Propensity score matching

In the statistical analysis of observational data, propensity score matching (PSM) is a statistical matching technique that attempts to estimate the effect of a treatment, policy, or other intervention by accounting for the covariates that predict receiving the treatment. PSM attempts to reduce the bias due to confounding variables that could be found in an estimate of the treatment effect obtained from simply comparing outcomes among units that received the treatment versus those that did not. The technique was first published by Paul Rosenbaum and Donald Rubin in 1983,^[1] and implements the Rubin causal model for observational studies.

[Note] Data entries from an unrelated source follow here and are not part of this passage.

definition Fk_adj :: "int \<Rightarrow> int \<times> int \<Rightarrow> int \<times> int \<Rightarrow> bool" where
  "Fk_adj k v w \<longleftrightarrow> v \<in> farey_vertices \<and> w \<in> farey_vertices \<and> fdist v w = k"

text \<open>Z/kZ is represented by the residues {0..<k}.\<close>
definition admissible :: "int \<Rightarrow> int \<times> int \<Rightarrow> bool" where
  "admissible k ab \<longleftrightarrow> fst ab \<in> {0..<k} \<and> snd ab \<in> {0..<k} \<and>
     (\<forall>l\<in>{0..<k}. (l * fst ab) mod k = 0 \<and> (l * snd ab) mod k = 0 \<longrightarrow> l = 0)"

definition unit_equiv :: "int \<Rightarrow> ((int \<times> int) \<times> (int \<times> int)) set" where
  "unit_equiv k = {(ab, cd). admissible k ab \<and> admissible k cd \<and>
     (\<exists>l\<in>{0..<k}. coprime l k \<and> fst cd = (l * fst ab) mod k \<and> snd cd = (l * snd ab) mod k)}"

definition Lk :: "int \<Rightarrow> (int \<times> int) set set" where
  "Lk k = {ab. admissible k ab} // unit_equiv k"

definition phi :: "int \<Rightarrow> int \<times> int \<Rightarrow> (int \<times> int) set" where
  "phi k v = unit_equiv k `` {(fst v mod k, snd v mod k)}"

definition induced_automorphisms :: "int \<Rightarrow> (int \<times> int) set \<Rightarrow> ((int \<times> int) \<Rightarrow> (int \<times> int)) set" where
  "induced_automorphisms k S = {f. bij_betw f S S \<and> (\<forall>x. x \<notin> S \<longrightarrow> f x = x) \<and>
     (\<forall>x\<in>S. \<forall>y\<in>S. Fk_adj k x y \<longleftrightarrow> Fk_adj k (f x) (f y))}"

end

theory Submission
  imports Defs "HOL-Number_Theory.Cong" "HOL-Library.Product_Plus"
begin

text \<open>
  Two vertices \<open>p/q\<close> and \<open>a/b\<close> with \<open>k\<close> dividing \<open>q\<close> and \<open>b\<close> but with different integer
  parts are at distance at least \<open>q + b \<ge> 2k\<close>. So in the fibre of \<open>1/0\<close> every edge joins
  vertices with equal integer parts or contains \<open>1/0\<close>, and translating a block of equal
  integer parts by an integer preserves distances. Hence for every set \<open>A\<close> of integers,
  exchanging the blocks \<open>[2n, 2n+1)\<close> and \<open>[2n+1, 2n+2)\<close> for all \<open>n \<in> A\<close> is an
  automorphism, and there are uncountably many. Every fibre of \<open>\<phi>\<^sub>k\<close> is nonempty, and a
  matrix in \<open>SL\<^sub>2(\<int>)\<close> sending \<open>1/0\<close> to one of its vertices maps the fibre of \<open>1/0\<close>
  bijectively and isometrically onto it: it preserves \<open>d\<close> and multiplies residues mod \<open>k\<close>
  by a unit.
\<close>

lemma uncountable_int_sets: "uncountable (UNIV :: int set set)"
proof
  assume "countable (UNIV :: int set set)"
  then have "range (from_nat_into (UNIV :: int set set) \<circ> nat) = Pow UNIV"
    by (metis Pow_UNIV image_comp nat_int range_from_nat_into surjI UNIV_not_empty)
  then show False
    using Cantors_theorem[of "UNIV :: int set"] by blast
qed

The possibility of bias arises because the apparent difference in outcome between these two groups of units may depend on characteristics that affected whether or not a unit received a given treatment instead of due to the effect of the treatment per se. In randomized experiments, the randomization enables unbiased estimation of treatment effects; for each covariate, randomization implies that treatment-groups will be balanced on average, by the law of large numbers. Unfortunately, for observational studies, the assignment of treatments to research subjects is typically not random. Matching attempts to mimic randomization by creating a sample of units that received the treatment that is comparable on all observed covariates to a sample of units that did not receive the treatment.

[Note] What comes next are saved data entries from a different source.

definition sigma_min :: "real^'m^'n \<Rightarrow> real" where
  "sigma_min A = sqrt (lambda_min (transpose A ** A))"

definition symmetric_matrix :: "real^'n^'n \<Rightarrow> bool" where
  "symmetric_matrix M \<longleftrightarrow> transpose M = M"

end

theory Submission
  imports Defs
begin

text \<open>Let \<open>x\<^sub>1, x\<^sub>2\<close> lie in the ball, \<open>0 \<le> \<theta> \<le> 1\<close>, \<open>y = (1 - \<theta>) f x\<^sub>1 + \<theta> f x\<^sub>2\<close> and
  \<open>z = (1 - \<theta>) x\<^sub>1 + \<theta> x\<^sub>2\<close>. As \<open>f\<close> is quadratic with second-order part bounded by \<open>L\<close>,
  \<open>\<parallel>f z - y\<parallel> \<le> L c / 2\<close> for \<open>c = \<theta> (1 - \<theta>) \<parallel>x\<^sub>1 - x\<^sub>2\<parallel>\<^sup>2\<close>, while strict convexity of the ball
  puts \<open>z\<close> at depth \<open>c / (2 \<epsilon>)\<close> inside it. Minimise \<open>\<parallel>f w - y\<parallel> + \<mu> \<parallel>w - z\<parallel>\<close> over the ball,
  where \<open>L \<epsilon> < \<mu> < \<nu> - L (\<parallel>a\<parallel> + \<epsilon>)\<close>; such \<open>\<mu>\<close> exists exactly because
  \<open>\<parallel>a\<parallel> < 2 (\<epsilon>\<^sup>* - \<epsilon>)\<close>. The first inequality keeps a minimiser \<open>x\<close> in the open ball. The
  second, with \<open>\<parallel>J(x)\<^sup>T r\<parallel> \<ge> (\<nu> - L \<parallel>x\<parallel>) \<parallel>r\<parallel>\<close>, makes \<open>-J(x)\<^sup>T (f x - y)\<close> a descent direction
  unless \<open>f x = y\<close>. Hence \<open>y\<close> is attained.\<close>

lemma symmetric_matrix_inner_commute:
  fixes M :: "real^'n^'n"
  assumes "symmetric_matrix M"
  shows "x \<bullet> (M *v y) = y \<bullet> (M *v x)"
proof -
  have "x \<bullet> (M *v y) = (x v* M) \<bullet> y" by (simp add: dot_lmul_matrix)
  also have "x v* M = transpose M *v x" by simp
  also have "transpose M = M" using assms by (simp add: symmetric_matrix_def)
  finally show ?thesis by (simp add: inner_commute)
qed

lemma symmetric_matrix_uminus: "symmetric_matrix M \<Longrightarrow> symmetric_matrix (- M :: real^'n^'n)"
  by (simp add: symmetric_matrix_def transpose_def vec_eq_iff)

lemma matrix_vector_mult_uminus: "(- M) *v v = - (M *v (v :: real^'n))"
  by (simp add: matrix_vector_mult_def vec_eq_iff sum_negf)

lemma eigenvalues_uminus: "l \<in> eigenvalues (- M) \<Longrightarrow> - l \<in> eigenvalues M"
  by (auto simp: eigenvalues_def matrix_vector_mult_uminus minus_equation_iff[of "M *v _"])

lemma symmetric_matrix_eigenvectors_orthogonal:
  fixes M :: "real^'n^'n"
  assumes "symmetric_matrix M" "M *v v = l *\<^sub>R v" "M *v u = k *\<^sub>R u" "l \<noteq> k"
  shows "v \<bullet> u = 0"
proof -
  have "l * (v \<bullet> u) = u \<bullet> (M *v v)" using assms(2) by (simp add: inner_commute)
  also have "\<dots> = v \<bullet> (M *v u)" using symmetric_matrix_inner_commute[OF assms(1)] by simp
  also have "\<dots> = k * (v \<bullet> u)" using assms(3) by simp
  finally show ?thesis using assms(4) by simp
qed

text \<open>Eigenvectors for distinct eigenvalues are orthogonal, hence independent, so there are at
  most \<open>CARD('n)\<close> eigenvalues.\<close>
lemma finite_eigenvalues:
  fixes M :: "real^'n^'n"
  assumes sym: "symmetric_matrix M"
  shows "finite (eigenvalues M)"
proof -
  define V where "V l = (SOME v. v \<noteq> 0 \<and> M *v v = l *\<^sub>R v)" for l
  have V: "V l \<noteq> 0 \<and> M *v V l = l *\<^sub>R V l" if "l \<in> eigenvalues M" for l
  proof -
    from that have "\<exists>v. v \<noteq> 0 \<and> M *v v = l *\<^sub>R v" by (simp add: eigenvalues_def)
    then show ?thesis unfolding V_def by (rule someI_ex)
  qed
  have orth: "V l \<bullet> V k = 0" if "l \<in> eigenvalues M" "k \<in> eigenvalues M" "l \<noteq> k" for l k
    using symmetric_matrix_eigenvectors_orthogonal[OF sym conjunct2[OF V] conjunct2[OF V]] that by blast
  have inj: "inj_on V (eigenvalues M)"
    by (rule inj_onI) (metis V inner_eq_zero_iff orth)
  have "pairwise orthogonal (V ` eigenvalues M)"
    unfolding pairwise_def orthogonal_def using orth by blast
  moreover have "0 \<notin> V ` eigenvalues M" using V by force
  ultimately have "independent (V ` eigenvalues M)" by (rule pairwise_orthogonal_independent)
  then have "finite (V ` eigenvalues M)" using independent_bound by blast
  then show ?thesis using inj finite_imageD by blast
qed

text \<open>First-order optimality: if \<open>l (y \<bullet> y) - y \<bullet> M y \<ge> 0\<close> vanishes at \<open>x\<close>, perturbing \<open>x\<close> along the
  residual \<open>w = M x - l x\<close> shows \<open>w = 0\<close>.\<close>
lemma rayleigh_maximizer_eigenvector:
  fixes M :: "real^'n^'n"
  assumes sym: "symmetric_matrix M"
    and le: "\<And>y. y \<bullet> (M *v y) \<le> l * (y \<bullet> y)"
    and eq: "x \<bullet> (M *v x) = l * (x \<bullet> x)"
  shows "M *v x = l *\<^sub>R x"
proof (rule ccontr)
  assume "M *v x \<noteq> l *\<^sub>R x"
  define w where "w = M *v x - l *\<^sub>R x"
  define s where "s = w \<bullet> w"
  define q where "q = l * (w \<bullet> w) - w \<bullet> (M *v w)"
  have s0: "s > 0" using \<open>M *v x \<noteq> l *\<^sub>R x\<close> by (simp add: s_def w_def)
  have q0: "q \<ge> 0" using le[of w] by (simp add: q_def)
  have perturb: "2 * t * s \<le> t\<^sup>2 * q" for t :: real
  proof -
    have Mx: "M *v x = w + l *\<^sub>R x" by (simp add: w_def)
    have "x \<bullet> (M *v w) = w \<bullet> (M *v x)" by (rule symmetric_matrix_inner_commute[OF sym])
    then have "(x + t *\<^sub>R w) \<bullet> (M *v (x + t *\<^sub>R w)) =
        l * (x \<bullet> x) + 2 * t * (s + l * (w \<bullet> x)) + t\<^sup>2 * (w \<bullet> (M *v w))"
      using eq Mx by (simp add: algebra_simps inner_add_left inner_add_right power2_eq_square s_def)
    moreover have "(x + t *\<^sub>R w) \<bullet> (x + t *\<^sub>R w) = x \<bullet> x + 2 * t * (w \<bullet> x) + t\<^sup>2 * (w \<bullet> w)"
      by (simp add: inner_add_left inner_add_right inner_commute[of x w] power2_eq_square algebra_simps)
    ultimately show ?thesis
      using le[of "x + t *\<^sub>R w"] by (simp add: q_def algebra_simps)
  qed
  define t where "t = s / (q + 1)"
  have "t > 0" using s0 q0 by (simp add: t_def)
  then have "2 * s \<le> t * q" using perturb[of t] by (simp add: power2_eq_square)
  moreover have "t * q < s" using s0 q0 by (simp add: t_def field_simps)
  ultimately show False using s0 by linarith
qed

For example, one may be interested to know the consequences of smoking or the consequences of going to university. The people 'treated' are simply those—the smokers, or the university graduates—who in the course of everyday life undergo whatever it is that is being studied by the researcher. In both of these cases it is unfeasible (and perhaps unethical) to randomly assign people to smoking or a university education, so observational studies are required. The treatment effect estimated by simply comparing a particular outcome—rate of cancer or life time earnings—between those who smoked and did not smoke or attended university and did not attend university would be biased by any factors that predict smoking or university attendance, respectively. PSM attempts to control for these differences to make the groups receiving treatment and not-treatment more comparable.

Overview

PSM is for cases of causal inference and simple selection bias in non-experimental settings in which: (i) few units in the non-treatment comparison group are comparable to the treatment units; and (ii) selecting a subset of comparison units similar to the treatment unit is difficult because units must be compared across a high-dimensional set of pretreatment characteristics.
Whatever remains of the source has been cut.